━━━ Material supplied

lemma comparable_power:
  assumes "comparable K x y" "0 \<le> x" "0 \<le> y"
  shows "comparable (K ^ n) (x ^ n) (y ^ n)"
proof (induction n)
  case 0
  then show ?case by (simp add: comparable_def)
next
  case (Suc n)
  from comparable_mult[OF assms(1) Suc] show ?case using assms(2,3) by simp
qed

lemma comparable_divide:
  assumes "comparable K1 x1 y1" "comparable K2 x2 y2" "0 \<le> x1" "0 \<le> y1" "0 < x2" "0 < y2"
  shows "comparable (K1 * K2) (x1 / x2) (y1 / y2)"
proof -
  have "comparable K2 (1 / x2) (1 / y2)"
    using assms(2,5,6) unfolding comparable_def by (simp add: field_simps)
  from comparable_mult[OF assms(1) this] show ?thesis using assms(3-6) by simp
qed

lemma SUP_le_mult_INF:
  fixes f :: "'a \<Rightarrow> real"
  assumes "S \<noteq> {}" "0 < C" "\<And>x y. x \<in> S \<Longrightarrow> y \<in> S \<Longrightarrow> f x \<le> C * f y"
  shows "(SUP x\<in>S. f x) \<le> C * (INF x\<in>S. f x)"
proof (rule cSUP_least[OF assms(1)])
  fix x assume "x \<in> S"
  have "f x / C \<le> (INF y\<in>S. f y)"
    using assms \<open>x \<in> S\<close> by (intro cINF_greatest) (auto simp: divide_le_eq mult.commute)
  then show "f x \<le> C * (INF y\<in>S. f y)"
    using assms(2) by (simp add: divide_le_eq mult.commute)
qed

section \<open>The functions Phi_k, P_k and Q_k\<close>

definition Phik :: "real \<Rightarrow> real \<Rightarrow> real" where
  "Phik k t = sinh t - k * t"

definition Pk :: "real \<Rightarrow> real \<Rightarrow> real" where
  "Pk k t = 1 + 3 * k\<^sup>2 + 2 * k * t * sinh t - k * (3 + k\<^sup>2) * cosh t"

definition Qk :: "real \<Rightarrow> real \<Rightarrow> real" where
  "Qk k t = Pk k t / (cosh t - k)"

lemma Phik_0 [simp]: "Phik k 0 = 0"
  by (simp add: Phik_def)

lemma Phik_has_real_derivative: "(Phik k has_real_derivative cosh t - k) (at t)"
  unfolding Phik_def [abs_def] by (auto intro!: derivative_eq_intros)

lemma strict_mono_Phik:
  assumes "k < 1"
  shows "strict_mono (Phik k)"
proof (rule strict_monoI)
  fix s t :: real
  assume "s < t"
  show "Phik k s < Phik k t"
  proof (rule DERIV_pos_imp_increasing[OF \<open>s < t\<close>])
    fix x
    show "\<exists>y. (Phik k has_real_derivative y) (at x) \<and> 0 < y"
      using Phik_has_real_derivative[of k x] cosh_real_ge_1[of x] assms
      by (intro exI[of _ "cosh x - k"]) auto
  qed
qed

lemma Phik_pos: "k < 1 \<Longrightarrow> 0 < t \<Longrightarrow> 0 < Phik k t"
  using strict_mono_Phik[of k] by (metis Phik_0 strict_mono_less)

lemma Pk_eq:
  "Pk k t = (1 - k) ^ 3 + k * (2 * (t * sinh t - 2 * cosh t + 2))
    + k * (1 - k) * (1 + k) * (cosh t - 1)"
  unfolding Pk_def by (simp add: algebra_simps power2_eq_square power3_eq_cube)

━━━━━━

**What the task requires**
What lines above hold the word "have"? Pull each one out.

**Written answer**
  have "comparable K2 (1 / x2) (1 / y2)"
  have "f x / C \<le> (INF y\<in>S. f y)"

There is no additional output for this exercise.